lemma letter_in_some_timestep:
  assumes "x \<in> set w"
  shows "\<exists>s \<in> start_points w. x \<in> letters (ts_factor w s)"
proof -
  obtain i where i: "i < length w" "w ! i = x" using assms by (auto simp: in_set_conv_nth)
  have "1 \<in> start_points w" using i by (intro start_points.init) simp
  then obtain s where s: "s \<in> start_points w" "s \<le> Suc i" "Suc i \<le> ts_end w s"
    using timestep_covering[of 1 w "Suc i"] i by auto
  then have "Suc i \<in> set [s..<Suc (ts_end w s)]" by (auto simp del: upt_Suc)
  then have "sym_at w (Suc i) \<in> letters (ts_factor w s)"
    unfolding ts_factor_def factor_def letters_def by (simp del: upt_Suc)
  with s i show ?thesis by (auto simp: sym_at_def)
qed

lemma underlying_edges_eq_G_edges:
  assumes "{1..n} \<subseteq> set w"
  shows "underlying_edges n w = G_edges n w"
proof -
  have "underlying_edges n w = (\<Union>s \<in> start_points w. TG_edges n w s)"
    by (simp add: underlying_edges_def TG_def finite_start_points)
  also have "\<dots> = G_edges n w"
  proof (intro equalityI subsetI)
    fix e assume "e \<in> G_edges n w"
    then obtain x y where "e = {x, y}" "x \<in> {1..n}" unfolding G_edges_def by blast
    with assms have "x \<in> set w" by blast
    then obtain s where "s \<in> start_points w" "x \<in> letters (ts_factor w s)"
      using letter_in_some_timestep by blast
    with \<open>e = {x, y}\<close> \<open>e \<in> G_edges n w\<close>
    show "e \<in> (\<Union>s \<in> start_points w. TG_edges n w s)" by (auto simp: TG_edges_def)
  qed (auto simp: TG_edges_def)
  finally show ?thesis .
qed

lemma alternate_if_proj_xyxy: "proj {x, y} w = [x, y, x, y] \<Longrightarrow> alternate w x y"
  unfolding alternate_def by (rule exI[of _ 2]) (simp add: numeral_2_eq_2)

lemma not_alternate_if_proj_xxyy:
  assumes "x \<noteq> y" "proj {x, y} w = [x, x, y, y]"
  shows "\<not> alternate w x y"
proof
  assume "alternate w x y"
  then obtain k where k: "[x, x, y, y] \<in>
      {concat (replicate k [x, y]), concat (replicate k [x, y]) @ [x],
       concat (replicate k [y, x]), concat (replicate k [y, x]) @ [y]}"
    using assms(2) unfolding alternate_def by auto
  have length_concat: "length (concat (replicate k [a, b])) = 2 * k" for a b :: nat
    by (induction k) auto
  from k have "k = 2"
    using length_concat[of x y] length_concat[of y x] by (auto dest!: arg_cong[where f = length])
  with k assms(1) show False by (auto simp: numeral_2_eq_2)
qed

lemma alternate_commute: "alternate w x y \<longleftrightarrow> alternate w y x"
  unfolding alternate_def by (auto simp: insert_commute)

lemma proj_eq_four_positions:
  assumes "a < b" "b < c" "c < d" "d < length u"
    and "{i. i < length u \<and> u ! i \<in> S} = {a, b, c, d}"
  shows "proj S u = [u ! a, u ! b, u ! c, u ! d]"
proof -
  have "filter (\<lambda>i. u ! i \<in> S) [0..<length u] = [a, b, c, d]"
  proof (rule sorted_distinct_set_unique)
    have "set (filter (\<lambda>i. u ! i \<in> S) [0..<length u]) = {i. i < length u \<and> u ! i \<in> S}"
      by auto
    then show "set (filter (\<lambda>i. u ! i \<in> S) [0..<length u]) = set [a, b, c, d]"
      using assms(5) by simp
  qed (use assms(1-3) in \<open>simp_all add: sorted_wrt_filter\<close>)
  moreover have "proj S u = map ((!) u) (filter (\<lambda>i. u ! i \<in> S) [0..<length u])"
    unfolding proj_def by (subst map_nth[symmetric]) (simp add: filter_map comp_def)
  ultimately show ?thesis by simp
qed

lemma G_edges_eq_path_edges:
  assumes "\<And>x y. 1 \<le> x \<Longrightarrow> x < y \<Longrightarrow> y \<le> n \<Longrightarrow> alternate w x y \<longleftrightarrow> y = Suc x"
  shows "G_edges n w = {{i, Suc i} | i. 1 \<le> i \<and> i < n}"
proof (intro equalityI subsetI)
  fix e assume "e \<in> G_edges n w"
  then obtain x y where e: "e = {x, y}" "x \<in> {1..n}" "y \<in> {1..n}" "x \<noteq> y" "alternate w x y"
    unfolding G_edges_def by blast
  then consider "x < y" "alternate w x y" | "y < x" "alternate w y x"
    using alternate_commute by fastforce
  then show "e \<in> {{i, Suc i} | i. 1 \<le> i \<and> i < n}"
    by cases (use e assms in \<open>auto simp: insert_commute\<close>)
next
  fix e assume "e \<in> {{i, Suc i} | i. 1 \<le> i \<and> i < n}"
  then obtain i where "e = {i, Suc i}" "1 \<le> i" "i < n" by blast
  then show "e \<in> G_edges n w"
    unfolding G_edges_def using assms[of i "Suc i"] by force
qed

lemma is_path_graph_consecutive: "is_path_graph {1..n} {{i, Suc i} | i. 1 \<le> i \<and> i < n}"
  unfolding is_path_graph_def by (intro conjI exI[of _ id]) auto

(* The 0-based symbol sequence 1 2 1 3 2 4 3 ... n (n-1) n of the word in question. *)
definition zigzag :: "nat \<Rightarrow> nat \<Rightarrow> nat" where
  "zigzag n i = (if i = 0 then 1 else if odd i then min (i div 2 + 2) n else i div 2)"

definition first_pos :: "nat \<Rightarrow> nat" where
  "first_pos k = (if k = 1 then 0 else 2 * k - 3)"

definition last_pos :: "nat \<Rightarrow> nat \<Rightarrow> nat" where
  "last_pos n k = (if k < n then 2 * k else 2 * n - 1)"

lemma zigzag_even: "zigzag n (2 * m) = (if m = 0 then 1 else m)"
  unfolding zigzag_def by auto

lemma zigzag_odd: "zigzag n (2 * m + 1) = min (m + 2) n"
  unfolding zigzag_def by auto

lemma zigzag_eq_iff:
  assumes "n \<ge> 2" "1 \<le> k" "k \<le> n" "i < 2 * n"
  shows "zigzag n i = k \<longleftrightarrow> i = first_pos k \<or> i = last_pos n k"
proof (cases "even i")
  case True
  then obtain m where i: "i = 2 * m" by blast
  show ?thesis
    using assms unfolding i zigzag_even first_pos_def last_pos_def by auto presburger+
next
  case False
  then obtain m where i: "i = 2 * m + 1" using oddE by blast
  show ?thesis
    using assms unfolding i zigzag_odd first_pos_def last_pos_def by auto presburger+
qed

lemma first_last_pos_bounds:
  assumes "1 \<le> k" "k \<le> n"
  shows "first_pos k < last_pos n k" "last_pos n k < 2 * n"
  using assms by (auto simp: first_pos_def last_pos_def)

lemma alternate_zigzag_iff:
  assumes "n \<ge> 2" "1 \<le> x" "x < y" "y \<le> n"
  shows "alternate (map (zigzag n) [0..<2 * n]) x y \<longleftrightarrow> y = Suc x"
proof -
  let ?u = "map (zigzag n) [0..<2 * n]"
  have x: "1 \<le> x" "x \<le> n" and y: "1 \<le> y" "y \<le> n" using assms by auto
  have at_pos: "?u ! first_pos k = k" "?u ! last_pos n k = k" if "1 \<le> k" "k \<le> n" for k
    using zigzag_eq_iff[OF assms(1) that] first_last_pos_bounds[OF that] by auto
  let ?P = "{first_pos x, last_pos n x, first_pos y, last_pos n y}"
  have "?u ! i \<in> {x, y} \<longleftrightarrow> i \<in> ?P" if "i < length ?u" for i
    using that zigzag_eq_iff[OF assms(1) x, of i] zigzag_eq_iff[OF assms(1) y, of i] by simp
  moreover have "?P \<subseteq> {..<length ?u}"
    using first_last_pos_bounds[OF x] first_last_pos_bounds[OF y] by auto
  ultimately have positions: "{i. i < length ?u \<and> ?u ! i \<in> {x, y}} = ?P" by blast
  show ?thesis
  proof (cases "y = Suc x")
    case True
    then have "first_pos x < first_pos y" "first_pos y < last_pos n x" "last_pos n x < last_pos n y"
      using assms by (auto simp: first_pos_def last_pos_def)
    then have "proj {x, y} ?u =
        [?u ! first_pos x, ?u ! first_pos y, ?u ! last_pos n x, ?u ! last_pos n y]"
      by (intro proj_eq_four_positions)
        (use first_last_pos_bounds[OF y] positions in \<open>simp_all add: insert_commute\<close>)
    then have "proj {x, y} ?u = [x, y, x, y]" unfolding at_pos[OF x] at_pos[OF y] .
    with True show ?thesis using alternate_if_proj_xyxy by simp
  next
    case False
    then have "last_pos n x < first_pos y"
      using assms by (auto simp: first_pos_def last_pos_def)
    then have "proj {x, y} ?u =
        [?u ! first_pos x, ?u ! last_pos n x, ?u ! first_pos y, ?u ! last_pos n y]"
      by (intro proj_eq_four_positions)
        (use first_last_pos_bounds[OF x] first_last_pos_bounds[OF y] positions in simp_all)
    then have "proj {x, y} ?u = [x, x, y, y]" unfolding at_pos[OF x] at_pos[OF y] .
    with False assms(3) show ?thesis using not_alternate_if_proj_xxyy[of x y ?u] by simp
  qed
qed

lemma set_zigzag:
  assumes "n \<ge> 2"
  shows "{1..n} \<subseteq> set (map (zigzag n) [0..<2 * n])"
proof
  fix k assume "k \<in> {1..n}"
  moreover have "first_pos k < 2 * n" using \<open>k \<in> {1..n}\<close> by (auto simp: first_pos_def)
  ultimately show "k \<in> set (map (zigzag n) [0..<2 * n])"
    using zigzag_eq_iff[OF assms, of k "first_pos k"] by force
qed

lemma word_eq_zigzag:
  assumes "n \<ge> 2"
    and "length w = 2 * n"
    and "sym_at w 1 = 1" and "sym_at w 2 = 2" and "sym_at w 3 = 1"
    and "\<forall>x \<in> {2..n - 1}. sym_at w (2 * x) = x + 1 \<and> sym_at w (2 * x + 1) = x"
    and "sym_at w (2 * n) = n"
  shows "w = map (zigzag n) [0..<2 * n]"
proof (rule nth_equalityI)
  show "length w = length (map (zigzag n) [0..<2 * n])" using assms(2) by simp
  fix i assume "i < length w"
  then have i: "i < 2 * n" using assms(2) by simp
  consider "i \<le> 2" | "i = 2 * n - 1" | x where "i = 2 * x - 1" "x \<in> {2..n - 1}"
    | x where "i = 2 * x" "x \<in> {2..n - 1}"
  proof (cases "i \<le> 2 \<or> i = 2 * n - 1")
    case False
    show thesis
    proof (cases "odd i")
      case True
      then show thesis using that(3)[of "Suc i div 2"] False i by (auto elim!: oddE)
    next
      case False
      then show thesis using that(4)[of "i div 2"] \<open>\<not> (i \<le> 2 \<or> i = 2 * n - 1)\<close> i
        by (auto elim!: evenE)
    qed
  qed auto
  then have "sym_at w (Suc i) = zigzag n i"
  proof cases
    case 1
    then show ?thesis
      using assms(1,3-5) by (auto simp: zigzag_def le_Suc_eq numeral_2_eq_2 numeral_3_eq_3)
  next
    case 2
    then show ?thesis using assms(1,7) by (auto simp: zigzag_def)
  next
    case (3 x)
    then show ?thesis using assms(6) by (auto simp: zigzag_def)
  next
    case (4 x)
    then show ?thesis using assms(6) by (auto simp: zigzag_def)
  qed
  then show "w ! i = map (zigzag n) [0..<2 * n] ! i" using i by (simp add: sym_at_def)
qed
text \<open>Let \<open>K = (\<pi>\<^sub>0 c\<^sub>0 + \<pi>\<^sub>1 c\<^sub>1) / H\<close>. By Jensen's inequality and a second-moment bound,
  \<open>n log n\<close> solves the recurrence up to a toll \<open>n H\<^sub>i + O(1)\<close> in state \<open>i\<close>. The residual
  tolls \<open>c\<^sub>i - K H\<^sub>i\<close> have stationary mean zero, so the Poisson equation of the chain yields
  constants \<open>g\<^sub>i\<close> for which \<open>f\<^sub>i(n) = a\<^sub>i(n) - K n log n - g\<^sub>i n\<close> has toll \<open>O(n\<^sup>\<beta>)\<close> with
  \<open>\<beta> < 1\<close>. Strict concavity gives \<open>\<bbbE>[I\<^sup>\<beta> + (n - I)\<^sup>\<beta>] \<ge> n\<^sup>\<beta> (1 + (1 - \<beta>) q (1 - q))\<close>, which
  makes \<open>C n - D n\<^sup>\<beta> + E\<close> a supersolution for large \<open>D\<close>; a comparison argument then bounds
  \<open>|f\<^sub>i(n)|\<close> linearly.\<close>

definition binom_weight :: "nat \<Rightarrow> real \<Rightarrow> nat \<Rightarrow> real" where
  "binom_weight n q k = real (n choose k) * q ^ k * (1 - q) ^ (n - k)"

lemma expectation_binomial_pmf_eq_sum:
  "0 \<le> q \<Longrightarrow> q \<le> 1 \<Longrightarrow>
    measure_pmf.expectation (binomial_pmf n q) h = (\<Sum>k\<le>n. binom_weight n q k * h k)"
  by (simp add: expectation_binomial_pmf' binom_weight_def)

lemma binom_weight_nonneg: "0 \<le> q \<Longrightarrow> q \<le> 1 \<Longrightarrow> 0 \<le> binom_weight n q k"
  by (simp add: binom_weight_def)

lemma sum_binom_weight: "(\<Sum>k\<le>n. binom_weight n q k) = 1"
  using binomial_ring[of q "1 - q" n] by (simp add: binom_weight_def)

lemma sum_binom_weight_mult_of_nat_Suc:
  "(\<Sum>k\<le>Suc m. binom_weight (Suc m) q k * (real k * h k))
    = real (Suc m) * q * (\<Sum>k\<le>m. binom_weight m q k * h (Suc k))"
proof -
  have shift: "binom_weight (Suc m) q (Suc k) * (real (Suc k) * h (Suc k))
      = real (Suc m) * q * (binom_weight m q k * h (Suc k))" for k
  proof -
    have "real (Suc m choose Suc k) * real (Suc k) = real (Suc m) * real (m choose k)"
      by (metis Suc_times_binomial_eq of_nat_mult)
    then show ?thesis
      by (simp add: binom_weight_def mult_ac)
  qed
  have "(\<Sum>k\<le>Suc m. binom_weight (Suc m) q k * (real k * h k))
      = (\<Sum>k\<le>m. binom_weight (Suc m) q (Suc k) * (real (Suc k) * h (Suc k)))"
    by (subst sum.atMost_Suc_shift) simp
  also have "\<dots> = real (Suc m) * q * (\<Sum>k\<le>m. binom_weight m q k * h (Suc k))"
    unfolding shift sum_distrib_left ..
  finally show ?thesis .
qed

lemma sum_binom_weight_mult_of_nat: "(\<Sum>k\<le>n. binom_weight n q k * real k) = real n * q"
proof (cases n)
  case (Suc m)
  then show ?thesis
    using sum_binom_weight_mult_of_nat_Suc[of m q "\<lambda>_. 1"] sum_binom_weight[of m q] by simp
qed simp

lemma sum_binom_weight_mult_of_nat_squared:
  "(\<Sum>k\<le>n. binom_weight n q k * real k ^ 2) = real n * q * ((real n - 1) * q + 1)"
proof (cases n)
  case (Suc m)
  have "(\<Sum>k\<le>m. binom_weight m q k * real (Suc k))
      = (\<Sum>k\<le>m. binom_weight m q k * real k) + (\<Sum>k\<le>m. binom_weight m q k)"
    by (simp add: algebra_simps sum.distrib)
  then show ?thesis
    using Suc sum_binom_weight_mult_of_nat_Suc[of m q real] sum_binom_weight[of m q]
      sum_binom_weight_mult_of_nat[of m q]
    by (simp add: power2_eq_square)
qed simp

lemma sum_binom_weight_quadratic:
  "(\<Sum>k\<le>n. binom_weight n q k * (A + B * real k + C * real k ^ 2))
    = A + B * (real n * q) + C * (real n * q * ((real n - 1) * q + 1))"
proof -
  have "(\<Sum>k\<le>n. binom_weight n q k * (A + B * real k + C * real k ^ 2))
      = A * (\<Sum>k\<le>n. binom_weight n q k) + B * (\<Sum>k\<le>n. binom_weight n q k * real k)
        + C * (\<Sum>k\<le>n. binom_weight n q k * real k ^ 2)"
    by (simp add: algebra_simps sum.distrib sum_distrib_left)
  then show ?thesis
    by (simp add: sum_binom_weight sum_binom_weight_mult_of_nat sum_binom_weight_mult_of_nat_squared)
qed

lemma sum_binom_weight_reflect:
  "(\<Sum>k\<le>n. binom_weight n q k * h (n - k)) = (\<Sum>k\<le>n. binom_weight n (1 - q) k * h k)"
proof -
  have "(\<Sum>k\<le>n. binom_weight n q k * h (n - k)) = (\<Sum>k\<le>n. binom_weight n q (n - k) * h k)"
    by (rule sum.reindex_bij_witness[where i = "\<lambda>k. n - k" and j = "\<lambda>k. n - k"]) auto
  also have "\<dots> = (\<Sum>k\<le>n. binom_weight n (1 - q) k * h k)"
    by (intro sum.cong) (auto simp: binom_weight_def binomial_symmetric[symmetric] mult_ac)
  finally show ?thesis .
qed

lemma sum_binom_weight_mono:
  "0 \<le> q \<Longrightarrow> q \<le> 1 \<Longrightarrow> (\<And>k. k \<le> n \<Longrightarrow> f k \<le> g k) \<Longrightarrow>
    (\<Sum>k\<le>n. binom_weight n q k * f k) \<le> (\<Sum>k\<le>n. binom_weight n q k * g k)"
  by (intro sum_mono mult_left_mono) (auto simp: binom_weight_nonneg)

lemma binom_weight_endpoints_less_one:
  assumes "0 < q" "q < 1" "n \<ge> 2"
  shows "binom_weight n q 0 + binom_weight n q n < 1"
proof -
  have "q ^ n < q ^ 1" "(1 - q) ^ n < (1 - q) ^ 1"
    using assms by (intro power_strict_decreasing; simp)+
  then show ?thesis by (simp add: binom_weight_def)
qed

definition binary_entropy :: "real \<Rightarrow> real" where
  "binary_entropy q = - (q * ln q + (1 - q) * ln (1 - q))"

lemma binary_entropy_pos:
  assumes "0 < q" "q < 1"
  shows "0 < binary_entropy q"
proof -
  have "q * ln q < 0" "(1 - q) * ln (1 - q) < 0"
    using assms by (simp_all add: mult_pos_neg)
  then show ?thesis by (simp add: binary_entropy_def)
qed

lemma mult_ln_ge_tangent:
  fixes x m :: real
  assumes "0 \<le> x" "0 < m"
  shows "x * ln m + x - m \<le> x * ln x"
proof (cases "x = 0")
  case False
  with assms have x: "0 < x" by simp
  have "ln (m / x) \<le> m / x - 1"
    using x assms by (intro ln_le_minus_one) simp
  then have "x * (ln m - ln x) \<le> x * (m / x - 1)"
    using x assms by (intro mult_left_mono) (simp_all add: ln_div)
  then show ?thesis
    using x by (simp add: algebra_simps)
qed (use assms in simp)

lemma mult_ln_le_quadratic:
  fixes x m :: real
  assumes "0 \<le> x" "0 < m"
  shows "x * ln x \<le> x * ln m - x + x\<^sup>2 / m"
proof (cases "x = 0")
  case False
  with assms have x: "0 < x" by simp
  have "ln (x / m) \<le> x / m - 1"
    using x assms by (intro ln_le_minus_one) simp
  then have "x * (ln x - ln m) \<le> x * (x / m - 1)"
    using x assms by (intro mult_left_mono) (simp_all add: ln_div)
  then show ?thesis
    using x by (simp add: algebra_simps power2_eq_square)
qed (use assms in simp)

text \<open>The lower bound is Jensen's inequality; the upper one is where the variance
  \<open>n q (1 - q)\<close> enters.\<close>

lemma sum_binom_weight_mult_ln_bounds:
  assumes q: "0 < q" "q < 1" and n: "n \<ge> 1"
  defines "m \<equiv> real n * q"
  shows "m * ln m \<le> (\<Sum>k\<le>n. binom_weight n q k * (real k * ln (real k)))"
    and "(\<Sum>k\<le>n. binom_weight n q k * (real k * ln (real k))) \<le> m * ln m + (1 - q)"
proof -
  have m: "0 < m" using q n by (simp add: m_def)
  have "(\<Sum>k\<le>n. binom_weight n q k * (- m + (ln m + 1) * real k + 0 * real k ^ 2))
      \<le> (\<Sum>k\<le>n. binom_weight n q k * (real k * ln (real k)))"
    using q m mult_ln_ge_tangent[of _ m]
    by (intro sum_binom_weight_mono) (simp_all add: algebra_simps)
  then show "m * ln m \<le> (\<Sum>k\<le>n. binom_weight n q k * (real k * ln (real k)))"
    unfolding sum_binom_weight_quadratic by (simp add: m_def algebra_simps)
  have "(\<Sum>k\<le>n. binom_weight n q k * (real k * ln (real k)))
      \<le> (\<Sum>k\<le>n. binom_weight n q k * (0 + (ln m - 1) * real k + (1 / m) * real k ^ 2))"
    using q m mult_ln_le_quadratic[of _ m]
    by (intro sum_binom_weight_mono) (simp_all add: algebra_simps)
  also have "\<dots> = m * ln m + (1 - q)"
    unfolding sum_binom_weight_quadratic using m q n by (simp add: m_def field_simps)
  finally show "(\<Sum>k\<le>n. binom_weight n q k * (real k * ln (real k))) \<le> m * ln m + (1 - q)" .
qed

lemma powr_ge_quadratic:
  fixes t \<beta> :: real
  assumes t: "0 \<le> t" "t \<le> 1" and \<beta>: "0 < \<beta>" "\<beta> < 1"
  shows "t + (1 - \<beta>) * t * (1 - t) \<le> t powr \<beta>"
proof (cases "t = 0")
  case False
  with t have t0: "0 < t" by simp
  have den: "0 < (1 - \<beta>) * t + \<beta>"
    using \<beta> t0 by (simp add: add_nonneg_pos)
  have "t powr (1 - \<beta>) * 1 powr \<beta> \<le> (1 - \<beta>) * t + \<beta> * 1"
    using \<beta> t0 by (intro Youngs_inequality_0) auto
  then have "t / ((1 - \<beta>) * t + \<beta>) \<le> t / t powr (1 - \<beta>)"
    using t0 den by (intro divide_left_mono) auto
  also have "\<dots> = t powr \<beta>"
    using t0 by (simp add: powr_diff)
  finally have young: "t / ((1 - \<beta>) * t + \<beta>) \<le> t powr \<beta>" .
  have "(t + (1 - \<beta>) * t * (1 - t)) * ((1 - \<beta>) * t + \<beta>) = t * (1 - ((1 - \<beta>) * (1 - t))\<^sup>2)"
    by (simp add: algebra_simps power2_eq_square)
  also have "\<dots> \<le> t"
    using t0 by (simp add: mult_left_le)
  finally have "t + (1 - \<beta>) * t * (1 - t) \<le> t / ((1 - \<beta>) * t + \<beta>)"
    using den by (simp add: le_divide_eq)
  with young show ?thesis by linarith
qed simp

lemma powr_add_powr_diff_ge:
  fixes \<beta> :: real
  assumes \<beta>: "0 < \<beta>" "\<beta> < 1" and k: "k \<le> n" and n: "n \<ge> 1"
  defines "N \<equiv> real n"
  shows "N powr \<beta> * (1 + 2 * (1 - \<beta>) * (real k / N) - 2 * (1 - \<beta>) * (real k ^ 2 / N\<^sup>2))
    \<le> real k powr \<beta> + real (n - k) powr \<beta>"
proof -
  define t where "t = real k / N"
  have N: "N \<ge> 1" using n by (simp add: N_def)
  have t: "0 \<le> t" "t \<le> 1" using k N by (auto simp: t_def N_def field_simps)
  have "real k powr \<beta> = N powr \<beta> * t powr \<beta>"
    using N by (simp add: t_def powr_divide)
  moreover have "real (n - k) = N * (1 - t)"
    using k N by (simp add: t_def N_def of_nat_diff field_simps)
  then have "real (n - k) powr \<beta> = N powr \<beta> * (1 - t) powr \<beta>"
    using N t by (simp add: powr_mult)
  moreover have "1 + 2 * (1 - \<beta>) * t * (1 - t) \<le> t powr \<beta> + (1 - t) powr \<beta>"
    using powr_ge_quadratic[OF t \<beta>] powr_ge_quadratic[of "1 - t", OF _ _ \<beta>] t
    by (simp add: algebra_simps)
  ultimately have "N powr \<beta> * (1 + 2 * (1 - \<beta>) * t * (1 - t)) \<le> real k powr \<beta> + real (n - k) powr \<beta>"
    by (simp add: mult_left_mono flip: distrib_left)
  moreover have "1 + 2 * (1 - \<beta>) * t * (1 - t) = 1 + 2 * (1 - \<beta>) * (real k / N) - 2 * (1 - \<beta>) * (real k ^ 2 / N\<^sup>2)"
    using N by (simp add: t_def field_simps power2_eq_square)
  ultimately show ?thesis by (simp only:)
qed

lemma sum_binom_weight_powr_ge:
  fixes q \<beta> :: real
  assumes q: "0 < q" "q < 1" and \<beta>: "0 < \<beta>" "\<beta> < 1" and n: "n \<ge> 2"
  shows "real n powr \<beta> * (1 + (1 - \<beta>) * (q * (1 - q)))
    \<le> (\<Sum>k\<le>n. binom_weight n q k * (real k powr \<beta> + real (n - k) powr \<beta>))"
proof -
  define N where "N = real n"
  define P where "P = N powr \<beta>"
  have N: "N \<ge> 2" using n by (simp add: N_def)
  have "1 \<le> 2 * (N - 1) / N"
    using N by (simp add: field_simps)
  moreover have "0 \<le> (1 - \<beta>) * (q * (1 - q))"
    using q \<beta> by simp
  ultimately have "P * (1 + (1 - \<beta>) * (q * (1 - q)))
      \<le> P * (1 + (1 - \<beta>) * (q * (1 - q)) * (2 * (N - 1) / N))"
    by (intro mult_left_mono add_left_mono mult_le_cancel_left1[THEN iffD2]) (auto simp: P_def)
  also have "\<dots> = (\<Sum>k\<le>n. binom_weight n q k
      * (P + (2 * P * (1 - \<beta>) / N) * real k + (- 2 * P * (1 - \<beta>) / N\<^sup>2) * real k ^ 2))"
    unfolding sum_binom_weight_quadratic using N by (simp add: N_def field_simps power2_eq_square)
  also have "\<dots> \<le> (\<Sum>k\<le>n. binom_weight n q k * (real k powr \<beta> + real (n - k) powr \<beta>))"
    using q n powr_add_powr_diff_ge[OF \<beta>, of _ n]
    by (intro sum_binom_weight_mono) (simp_all add: P_def N_def field_simps power2_eq_square)
  finally show ?thesis by (simp add: P_def N_def)
qed

definition split_toll :: "(nat \<Rightarrow> real) \<Rightarrow> (nat \<Rightarrow> nat \<Rightarrow> real) \<Rightarrow> nat \<Rightarrow> nat \<Rightarrow> real" where
  "split_toll q f i n = f i n - (\<Sum>k\<le>n. binom_weight n (q i) k * (f 0 k + f 1 (n - k)))"

lemma split_toll_diff_scaled:
  "split_toll q (\<lambda>i n. f i n - K * u i n - v i n) i n
    = split_toll q f i n - K * split_toll q u i n - split_toll q v i n"
  by (simp add: split_toll_def algebra_simps sum_subtractf sum.distrib sum_distrib_left)

lemma split_toll_linear:
  "split_toll q (\<lambda>i n. g i * real n) i n = real n * (g i - g 0 * q i - g 1 * (1 - q i))"
proof -
  have "(\<Sum>k\<le>n. binom_weight n (q i) k * (g 0 * real k + g 1 * real (n - k)))
      = g 0 * (\<Sum>k\<le>n. binom_weight n (q i) k * real k)
        + g 1 * (\<Sum>k\<le>n. binom_weight n (q i) k * real (n - k))"
    by (simp add: distrib_left sum.distrib sum_distrib_left mult.left_commute del: of_nat_diff)
  also have "\<dots> = g 0 * (real n * q i) + g 1 * (real n * (1 - q i))"
    using sum_binom_weight_reflect[of n "q i" real] sum_binom_weight_mult_of_nat[of n "1 - q i"]
    by (simp add: sum_binom_weight_mult_of_nat del: of_nat_diff)
  finally show ?thesis
    by (simp add: split_toll_def algebra_simps)
qed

════════

● Try it: When a line in the data above contains the string "fixes", copy that line.

● Written reply:
  fixes x m :: real
  fixes x m :: real
  fixes t \<beta> :: real
  fixes \<beta> :: real
  fixes q \<beta> :: real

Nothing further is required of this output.